If Cohen had written "Democracy" as a poem instead of as a song (which he obviously was capable of doing), he would have surely changed some lines. For instance, the lines

It's coming from the feel
That it ain't exactly real
Or it's real, but it ain't exactly there


sound fine in the song (especially in Cohen's unforgettable delivery), but they don't work nearly as well in print, because they weren't primarily meant to be read (or even spoken by someone reading them aloud); they were meant to be heard as words to a song. And I could go through the rest of the lyrics, too, and pick other bits that Cohen would surely have changed if he were writing a poem to be read rather than a song to be listened to. But I don't want to try to rewrite Cohen's song lyrics as a poem, and I hope you get my point.
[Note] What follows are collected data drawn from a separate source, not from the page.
lemma near_set_directed:
  assumes ext: "\<phi> \<in> extreme_points R_means" and g1: "g1 \<in> Linf" and g2: "g2 \<in> Linf"
    and "e1 > 0" "e2 > 0"
  obtains G where "G \<in> Linf"
    "near_set \<phi> G ((min e1 e2)\<^sup>2) (max M1 M2) \<subseteq> near_set \<phi> g1 e1 M1 \<inter> near_set \<phi> g2 e2 M2"
proof -
  have mean: "is_mean \<phi>" using ext by (simp add: extreme_points_def R_means_def)
  define h1 where "h1 = (\<lambda>x. g1 x - \<phi> g1)"
  define h2 where "h2 = (\<lambda>x. g2 x - \<phi> g2)"
  note c1 = extreme_point_centered_sq[OF ext g1, folded h1_def]
  note c2 = extreme_point_centered_sq[OF ext g2, folded h2_def]
  define G where "G = (\<lambda>x. avg_prod h1 h1 x + avg_prod h2 h2 x)"
  have G: "G \<in> Linf" unfolding G_def by (intro Linf_add Linf_avg_prod c1(1) c2(1))
  have "\<phi> G = 0"
    using mean_add[OF mean Linf_avg_prod[OF c1(1) c1(1)] Linf_avg_prod[OF c2(1) c2(1)]] c1(2) c2(2)
    by (simp add: G_def)
  have "x \<in> near_set \<phi> g1 e1 M1 \<inter> near_set \<phi> g2 e2 M2"
    if x: "x \<in> near_set \<phi> G ((min e1 e2)\<^sup>2) (max M1 M2)" for x
  proof -
    have x0: "0 \<le> x" and "\<bar>avg G x\<bar> < (min e1 e2)\<^sup>2"
      using x \<open>\<phi> G = 0\<close> by (simp_all add: near_set_def)
    moreover have "avg G x = (avg h1 x)\<^sup>2 + (avg h2 x)\<^sup>2"
      using avg_add[OF Linf_avg_prod[OF c1(1) c1(1)] Linf_avg_prod[OF c2(1) c2(1)]]
        avg_avg_prod[OF c1(1) c1(1) x0] avg_avg_prod[OF c2(1) c2(1) x0]
      by (simp add: G_def power2_eq_square)
    ultimately have "(avg h1 x)\<^sup>2 < (min e1 e2)\<^sup>2" "(avg h2 x)\<^sup>2 < (min e1 e2)\<^sup>2"
      using abs_ge_self[of "avg G x"] zero_le_power2[of "avg h1 x"] zero_le_power2[of "avg h2 x"]
      by linarith+
    then have "\<bar>avg h1 x\<bar> < min e1 e2" "\<bar>avg h2 x\<bar> < min e1 e2"
      using \<open>e1 > 0\<close> \<open>e2 > 0\<close> power2_less_imp_less[of "\<bar>avg h1 x\<bar>" "min e1 e2"]
        power2_less_imp_less[of "\<bar>avg h2 x\<bar>" "min e1 e2"] by simp_all
    then show ?thesis using x by (auto simp: near_set_def h1_def h2_def)
  qed
  then show ?thesis using that G by blast
qed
I've found that when I read lyrics to a song I know well, I can hear the song in my mind as I'm reading, which makes the printed lyrics seem more... sufficient (if that's the right word), more fully formed in themselves, than they would seem if my reading weren't accompanied by my memory of the song. If you hadn't heard the song "Democracy," and didn't even know it was a song, would you think those lines were a poem (meant either to be read or spoken), or would you think those lines were lyrics meant to be sung? They look to me like lyrics meant to be sung. (This is not in any way a denigration of them.)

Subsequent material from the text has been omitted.